### Brief
Write out each line from the data below that includes the word "cong".

Collected data entries
☆ ☆ ☆ ☆

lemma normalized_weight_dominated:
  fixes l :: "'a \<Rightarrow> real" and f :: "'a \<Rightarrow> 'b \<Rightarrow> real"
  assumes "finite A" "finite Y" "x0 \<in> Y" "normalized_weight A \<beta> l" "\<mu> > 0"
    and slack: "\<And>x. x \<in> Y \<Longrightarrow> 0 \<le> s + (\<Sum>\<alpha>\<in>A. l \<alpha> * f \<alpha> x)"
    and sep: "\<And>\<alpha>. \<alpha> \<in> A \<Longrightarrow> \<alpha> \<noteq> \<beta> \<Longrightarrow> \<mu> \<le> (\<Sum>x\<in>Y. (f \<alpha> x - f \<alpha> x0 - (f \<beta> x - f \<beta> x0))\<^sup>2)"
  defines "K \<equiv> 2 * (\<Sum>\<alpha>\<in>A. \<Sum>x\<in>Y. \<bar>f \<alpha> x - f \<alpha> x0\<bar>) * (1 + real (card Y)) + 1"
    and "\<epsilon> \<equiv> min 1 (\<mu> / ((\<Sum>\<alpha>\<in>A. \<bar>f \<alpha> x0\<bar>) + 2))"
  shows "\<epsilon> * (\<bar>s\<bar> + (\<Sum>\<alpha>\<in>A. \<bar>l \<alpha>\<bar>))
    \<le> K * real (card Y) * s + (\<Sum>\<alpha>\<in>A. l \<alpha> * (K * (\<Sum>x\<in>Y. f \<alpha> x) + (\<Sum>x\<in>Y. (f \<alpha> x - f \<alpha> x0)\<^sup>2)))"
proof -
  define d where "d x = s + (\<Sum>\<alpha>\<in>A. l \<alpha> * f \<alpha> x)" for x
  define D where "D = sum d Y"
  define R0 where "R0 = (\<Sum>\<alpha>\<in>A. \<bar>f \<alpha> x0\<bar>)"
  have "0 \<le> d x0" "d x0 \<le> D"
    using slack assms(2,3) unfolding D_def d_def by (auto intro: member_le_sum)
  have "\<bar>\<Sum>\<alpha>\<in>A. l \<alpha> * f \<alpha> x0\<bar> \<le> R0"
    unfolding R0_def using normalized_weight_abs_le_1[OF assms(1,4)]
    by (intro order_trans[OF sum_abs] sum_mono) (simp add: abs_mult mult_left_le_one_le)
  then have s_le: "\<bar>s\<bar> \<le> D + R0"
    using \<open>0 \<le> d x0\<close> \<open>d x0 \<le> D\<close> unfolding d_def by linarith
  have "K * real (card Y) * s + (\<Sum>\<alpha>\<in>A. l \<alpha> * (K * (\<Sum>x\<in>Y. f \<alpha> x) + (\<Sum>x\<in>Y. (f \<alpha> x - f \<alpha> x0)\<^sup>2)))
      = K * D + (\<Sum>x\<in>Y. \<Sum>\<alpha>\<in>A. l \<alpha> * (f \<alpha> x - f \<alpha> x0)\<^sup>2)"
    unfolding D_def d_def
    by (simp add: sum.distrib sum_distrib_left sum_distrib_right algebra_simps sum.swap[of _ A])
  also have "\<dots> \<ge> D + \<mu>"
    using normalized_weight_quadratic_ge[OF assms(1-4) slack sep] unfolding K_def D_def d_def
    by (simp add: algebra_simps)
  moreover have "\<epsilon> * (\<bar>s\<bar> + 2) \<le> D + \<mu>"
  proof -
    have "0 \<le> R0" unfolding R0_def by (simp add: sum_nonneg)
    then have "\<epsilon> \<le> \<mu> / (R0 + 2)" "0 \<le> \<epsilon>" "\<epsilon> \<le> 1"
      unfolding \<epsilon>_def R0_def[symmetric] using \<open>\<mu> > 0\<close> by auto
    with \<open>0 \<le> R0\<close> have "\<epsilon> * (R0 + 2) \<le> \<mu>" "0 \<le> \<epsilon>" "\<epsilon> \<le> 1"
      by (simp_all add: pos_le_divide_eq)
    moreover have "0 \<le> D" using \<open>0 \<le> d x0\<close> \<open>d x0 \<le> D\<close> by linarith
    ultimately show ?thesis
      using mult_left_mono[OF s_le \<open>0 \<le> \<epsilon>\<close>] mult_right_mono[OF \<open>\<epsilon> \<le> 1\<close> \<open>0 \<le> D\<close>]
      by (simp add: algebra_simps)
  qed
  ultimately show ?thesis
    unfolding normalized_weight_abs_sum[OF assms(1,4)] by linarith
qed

☆ ☆ ☆ ☆

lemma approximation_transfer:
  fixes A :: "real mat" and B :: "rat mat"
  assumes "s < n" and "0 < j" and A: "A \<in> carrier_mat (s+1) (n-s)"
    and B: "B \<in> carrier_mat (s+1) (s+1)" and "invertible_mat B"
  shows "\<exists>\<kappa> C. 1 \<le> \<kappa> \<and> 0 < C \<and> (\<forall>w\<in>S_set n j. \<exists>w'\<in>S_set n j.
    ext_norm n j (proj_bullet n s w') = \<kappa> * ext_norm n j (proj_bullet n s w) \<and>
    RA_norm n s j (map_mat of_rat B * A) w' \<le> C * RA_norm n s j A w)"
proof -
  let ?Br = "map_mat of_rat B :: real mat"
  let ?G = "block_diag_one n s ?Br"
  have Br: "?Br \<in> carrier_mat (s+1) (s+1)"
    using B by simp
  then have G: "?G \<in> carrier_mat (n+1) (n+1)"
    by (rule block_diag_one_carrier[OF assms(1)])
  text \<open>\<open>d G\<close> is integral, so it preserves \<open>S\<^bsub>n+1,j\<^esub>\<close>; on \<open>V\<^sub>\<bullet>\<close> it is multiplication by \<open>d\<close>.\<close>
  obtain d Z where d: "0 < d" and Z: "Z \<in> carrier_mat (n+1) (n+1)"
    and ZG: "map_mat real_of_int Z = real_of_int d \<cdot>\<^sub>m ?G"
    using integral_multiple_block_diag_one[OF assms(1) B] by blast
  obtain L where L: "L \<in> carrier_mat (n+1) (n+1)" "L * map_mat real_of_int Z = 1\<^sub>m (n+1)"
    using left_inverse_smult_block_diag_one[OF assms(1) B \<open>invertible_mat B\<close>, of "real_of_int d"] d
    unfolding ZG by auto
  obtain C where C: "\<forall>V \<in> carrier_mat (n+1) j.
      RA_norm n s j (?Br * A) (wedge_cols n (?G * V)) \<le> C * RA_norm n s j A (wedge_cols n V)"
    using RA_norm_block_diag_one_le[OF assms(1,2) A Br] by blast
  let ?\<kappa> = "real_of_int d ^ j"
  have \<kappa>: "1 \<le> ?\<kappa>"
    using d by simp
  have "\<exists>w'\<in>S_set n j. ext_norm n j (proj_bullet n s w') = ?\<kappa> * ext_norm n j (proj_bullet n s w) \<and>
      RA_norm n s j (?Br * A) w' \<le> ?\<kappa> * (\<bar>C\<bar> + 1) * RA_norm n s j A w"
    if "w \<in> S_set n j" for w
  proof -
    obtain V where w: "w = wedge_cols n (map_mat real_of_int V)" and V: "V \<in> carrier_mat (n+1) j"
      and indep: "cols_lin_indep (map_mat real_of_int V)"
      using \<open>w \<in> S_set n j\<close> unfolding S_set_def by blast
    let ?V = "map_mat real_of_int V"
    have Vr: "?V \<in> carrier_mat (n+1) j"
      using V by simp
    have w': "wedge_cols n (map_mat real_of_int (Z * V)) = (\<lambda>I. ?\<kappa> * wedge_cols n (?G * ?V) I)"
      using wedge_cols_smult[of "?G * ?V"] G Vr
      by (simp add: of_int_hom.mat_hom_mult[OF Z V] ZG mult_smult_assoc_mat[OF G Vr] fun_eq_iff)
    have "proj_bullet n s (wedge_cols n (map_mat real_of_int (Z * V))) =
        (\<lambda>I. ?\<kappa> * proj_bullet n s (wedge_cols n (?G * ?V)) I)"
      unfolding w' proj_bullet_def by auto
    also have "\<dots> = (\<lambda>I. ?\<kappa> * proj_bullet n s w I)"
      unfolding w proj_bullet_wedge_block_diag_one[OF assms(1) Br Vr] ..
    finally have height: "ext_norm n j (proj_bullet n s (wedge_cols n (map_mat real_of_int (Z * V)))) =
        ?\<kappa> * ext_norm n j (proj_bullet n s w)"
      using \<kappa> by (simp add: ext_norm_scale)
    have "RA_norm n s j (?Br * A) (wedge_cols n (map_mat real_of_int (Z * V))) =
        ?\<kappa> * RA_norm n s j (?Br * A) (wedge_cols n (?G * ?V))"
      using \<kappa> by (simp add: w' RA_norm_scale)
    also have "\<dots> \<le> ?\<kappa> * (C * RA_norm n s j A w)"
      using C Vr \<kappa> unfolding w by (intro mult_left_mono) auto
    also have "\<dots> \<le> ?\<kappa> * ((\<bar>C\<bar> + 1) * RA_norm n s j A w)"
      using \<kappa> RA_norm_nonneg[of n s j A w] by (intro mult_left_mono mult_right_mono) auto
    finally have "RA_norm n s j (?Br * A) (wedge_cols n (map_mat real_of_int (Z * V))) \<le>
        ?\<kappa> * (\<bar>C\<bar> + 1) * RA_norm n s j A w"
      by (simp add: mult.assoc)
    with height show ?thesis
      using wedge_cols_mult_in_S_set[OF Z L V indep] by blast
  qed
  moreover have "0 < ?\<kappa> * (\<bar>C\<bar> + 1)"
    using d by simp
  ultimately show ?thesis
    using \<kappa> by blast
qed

☆ ☆ ☆ ☆

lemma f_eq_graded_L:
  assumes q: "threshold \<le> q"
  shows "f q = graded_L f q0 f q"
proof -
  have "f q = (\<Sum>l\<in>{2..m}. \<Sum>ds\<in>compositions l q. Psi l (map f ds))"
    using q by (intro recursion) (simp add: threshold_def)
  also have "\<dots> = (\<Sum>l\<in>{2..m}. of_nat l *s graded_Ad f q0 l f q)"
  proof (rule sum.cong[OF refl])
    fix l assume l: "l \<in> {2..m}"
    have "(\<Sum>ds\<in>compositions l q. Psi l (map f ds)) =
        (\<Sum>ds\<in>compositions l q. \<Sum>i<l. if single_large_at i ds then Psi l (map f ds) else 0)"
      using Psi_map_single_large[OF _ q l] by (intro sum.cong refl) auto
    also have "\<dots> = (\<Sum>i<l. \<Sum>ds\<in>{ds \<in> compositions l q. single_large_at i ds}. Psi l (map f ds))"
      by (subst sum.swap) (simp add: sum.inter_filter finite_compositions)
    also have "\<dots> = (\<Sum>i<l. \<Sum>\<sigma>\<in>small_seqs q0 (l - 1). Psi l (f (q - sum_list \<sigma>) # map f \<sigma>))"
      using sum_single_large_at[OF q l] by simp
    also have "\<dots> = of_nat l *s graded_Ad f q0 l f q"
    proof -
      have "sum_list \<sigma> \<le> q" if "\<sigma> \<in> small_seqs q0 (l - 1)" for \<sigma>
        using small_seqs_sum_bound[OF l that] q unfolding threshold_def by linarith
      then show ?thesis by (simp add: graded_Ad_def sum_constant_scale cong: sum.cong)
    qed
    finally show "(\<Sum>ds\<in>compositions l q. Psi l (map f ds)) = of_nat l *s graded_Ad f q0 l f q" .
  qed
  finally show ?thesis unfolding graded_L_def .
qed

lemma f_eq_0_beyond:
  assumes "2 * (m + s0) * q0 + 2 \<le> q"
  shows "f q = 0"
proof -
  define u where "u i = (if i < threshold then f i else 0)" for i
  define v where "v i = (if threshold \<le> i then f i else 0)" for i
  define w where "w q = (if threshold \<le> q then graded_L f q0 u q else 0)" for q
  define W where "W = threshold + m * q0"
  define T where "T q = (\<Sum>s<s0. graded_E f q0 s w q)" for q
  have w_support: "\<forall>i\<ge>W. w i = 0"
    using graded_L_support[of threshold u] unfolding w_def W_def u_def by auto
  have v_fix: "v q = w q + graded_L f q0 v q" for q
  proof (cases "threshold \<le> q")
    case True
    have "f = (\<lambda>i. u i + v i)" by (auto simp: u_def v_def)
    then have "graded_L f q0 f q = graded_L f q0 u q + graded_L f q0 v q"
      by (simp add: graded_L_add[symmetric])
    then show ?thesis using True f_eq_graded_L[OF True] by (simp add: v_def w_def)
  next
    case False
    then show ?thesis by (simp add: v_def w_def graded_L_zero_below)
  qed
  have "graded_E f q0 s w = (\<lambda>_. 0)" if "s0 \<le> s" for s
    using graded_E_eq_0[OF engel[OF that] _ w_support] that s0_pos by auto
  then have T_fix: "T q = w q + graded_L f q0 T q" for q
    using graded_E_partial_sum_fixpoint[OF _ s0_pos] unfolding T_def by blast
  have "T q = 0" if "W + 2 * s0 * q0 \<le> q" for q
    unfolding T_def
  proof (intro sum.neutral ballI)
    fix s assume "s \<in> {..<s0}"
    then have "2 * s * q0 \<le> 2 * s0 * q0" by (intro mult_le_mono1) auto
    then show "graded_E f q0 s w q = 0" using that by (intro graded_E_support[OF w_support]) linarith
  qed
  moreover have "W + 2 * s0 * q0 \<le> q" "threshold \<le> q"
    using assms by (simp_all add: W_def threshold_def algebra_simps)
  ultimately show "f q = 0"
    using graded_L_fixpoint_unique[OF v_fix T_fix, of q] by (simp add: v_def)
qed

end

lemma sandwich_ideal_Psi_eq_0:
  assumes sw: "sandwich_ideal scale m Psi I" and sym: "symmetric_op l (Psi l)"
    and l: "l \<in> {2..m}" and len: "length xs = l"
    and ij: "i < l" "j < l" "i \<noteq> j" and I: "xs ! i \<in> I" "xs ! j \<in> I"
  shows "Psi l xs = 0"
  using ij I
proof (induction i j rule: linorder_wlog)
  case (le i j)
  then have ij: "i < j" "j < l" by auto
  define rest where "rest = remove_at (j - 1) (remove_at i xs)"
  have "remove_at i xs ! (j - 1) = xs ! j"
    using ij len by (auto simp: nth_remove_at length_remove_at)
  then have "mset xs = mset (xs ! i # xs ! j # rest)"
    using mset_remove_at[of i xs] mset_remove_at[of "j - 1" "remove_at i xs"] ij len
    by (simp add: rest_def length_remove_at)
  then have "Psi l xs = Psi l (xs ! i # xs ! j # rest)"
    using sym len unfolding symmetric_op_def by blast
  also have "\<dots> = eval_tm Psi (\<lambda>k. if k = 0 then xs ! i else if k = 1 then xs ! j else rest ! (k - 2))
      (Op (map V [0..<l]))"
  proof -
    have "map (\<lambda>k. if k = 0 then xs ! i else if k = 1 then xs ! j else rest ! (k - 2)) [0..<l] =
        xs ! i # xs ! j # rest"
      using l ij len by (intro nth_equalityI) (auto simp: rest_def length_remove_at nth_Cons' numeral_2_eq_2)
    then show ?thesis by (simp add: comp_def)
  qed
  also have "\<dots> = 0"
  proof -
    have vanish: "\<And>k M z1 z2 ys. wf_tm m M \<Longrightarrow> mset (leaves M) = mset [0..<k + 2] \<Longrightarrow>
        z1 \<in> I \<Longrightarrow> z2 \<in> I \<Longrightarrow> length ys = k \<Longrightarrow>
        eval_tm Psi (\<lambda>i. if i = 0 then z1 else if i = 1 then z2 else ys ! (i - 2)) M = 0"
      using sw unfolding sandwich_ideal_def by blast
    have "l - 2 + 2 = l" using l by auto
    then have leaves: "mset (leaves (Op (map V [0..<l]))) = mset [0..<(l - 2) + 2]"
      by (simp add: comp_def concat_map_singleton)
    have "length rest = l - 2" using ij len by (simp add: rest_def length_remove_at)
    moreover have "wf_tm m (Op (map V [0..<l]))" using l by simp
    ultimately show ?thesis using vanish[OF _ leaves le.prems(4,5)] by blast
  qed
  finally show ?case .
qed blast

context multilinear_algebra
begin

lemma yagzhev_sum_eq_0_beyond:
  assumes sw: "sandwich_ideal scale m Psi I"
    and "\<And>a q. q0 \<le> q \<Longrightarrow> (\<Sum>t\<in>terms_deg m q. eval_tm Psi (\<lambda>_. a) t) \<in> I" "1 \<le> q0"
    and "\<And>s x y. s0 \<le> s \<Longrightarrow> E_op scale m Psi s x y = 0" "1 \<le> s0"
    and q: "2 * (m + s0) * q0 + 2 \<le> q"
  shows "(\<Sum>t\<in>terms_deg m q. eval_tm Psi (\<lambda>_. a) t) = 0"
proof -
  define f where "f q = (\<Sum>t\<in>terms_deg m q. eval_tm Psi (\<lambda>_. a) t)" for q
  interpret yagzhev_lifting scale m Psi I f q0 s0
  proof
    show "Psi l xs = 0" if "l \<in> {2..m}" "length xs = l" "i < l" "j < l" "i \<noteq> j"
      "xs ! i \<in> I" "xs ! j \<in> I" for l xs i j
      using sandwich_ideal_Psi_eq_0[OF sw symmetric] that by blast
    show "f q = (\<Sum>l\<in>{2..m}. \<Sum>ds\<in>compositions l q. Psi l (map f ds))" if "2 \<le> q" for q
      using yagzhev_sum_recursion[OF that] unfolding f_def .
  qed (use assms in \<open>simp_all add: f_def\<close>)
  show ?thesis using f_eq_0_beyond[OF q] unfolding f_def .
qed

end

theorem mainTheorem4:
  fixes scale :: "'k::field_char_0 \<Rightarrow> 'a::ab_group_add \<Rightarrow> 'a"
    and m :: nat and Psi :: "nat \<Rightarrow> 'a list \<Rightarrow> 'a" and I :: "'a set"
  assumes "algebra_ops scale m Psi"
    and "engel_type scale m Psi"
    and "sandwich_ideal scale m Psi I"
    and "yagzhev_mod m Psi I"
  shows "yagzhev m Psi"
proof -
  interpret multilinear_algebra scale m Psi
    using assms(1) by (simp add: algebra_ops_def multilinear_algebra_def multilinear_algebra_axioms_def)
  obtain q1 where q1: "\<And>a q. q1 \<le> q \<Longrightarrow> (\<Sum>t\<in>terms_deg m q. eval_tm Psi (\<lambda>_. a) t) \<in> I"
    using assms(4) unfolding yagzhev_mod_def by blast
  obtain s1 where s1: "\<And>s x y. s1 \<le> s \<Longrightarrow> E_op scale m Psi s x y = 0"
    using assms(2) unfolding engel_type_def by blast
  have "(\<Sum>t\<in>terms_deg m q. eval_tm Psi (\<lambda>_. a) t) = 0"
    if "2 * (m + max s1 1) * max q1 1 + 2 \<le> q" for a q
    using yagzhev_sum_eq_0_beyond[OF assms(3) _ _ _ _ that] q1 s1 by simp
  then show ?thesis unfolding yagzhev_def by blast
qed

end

☆ ☆ ☆ ☆

### Reply
  proof (rule sum.cong[OF refl])
      using Psi_map_single_large[OF _ q l] by (intro sum.cong refl) auto
      then show ?thesis by (simp add: graded_Ad_def sum_constant_scale cong: sum.cong)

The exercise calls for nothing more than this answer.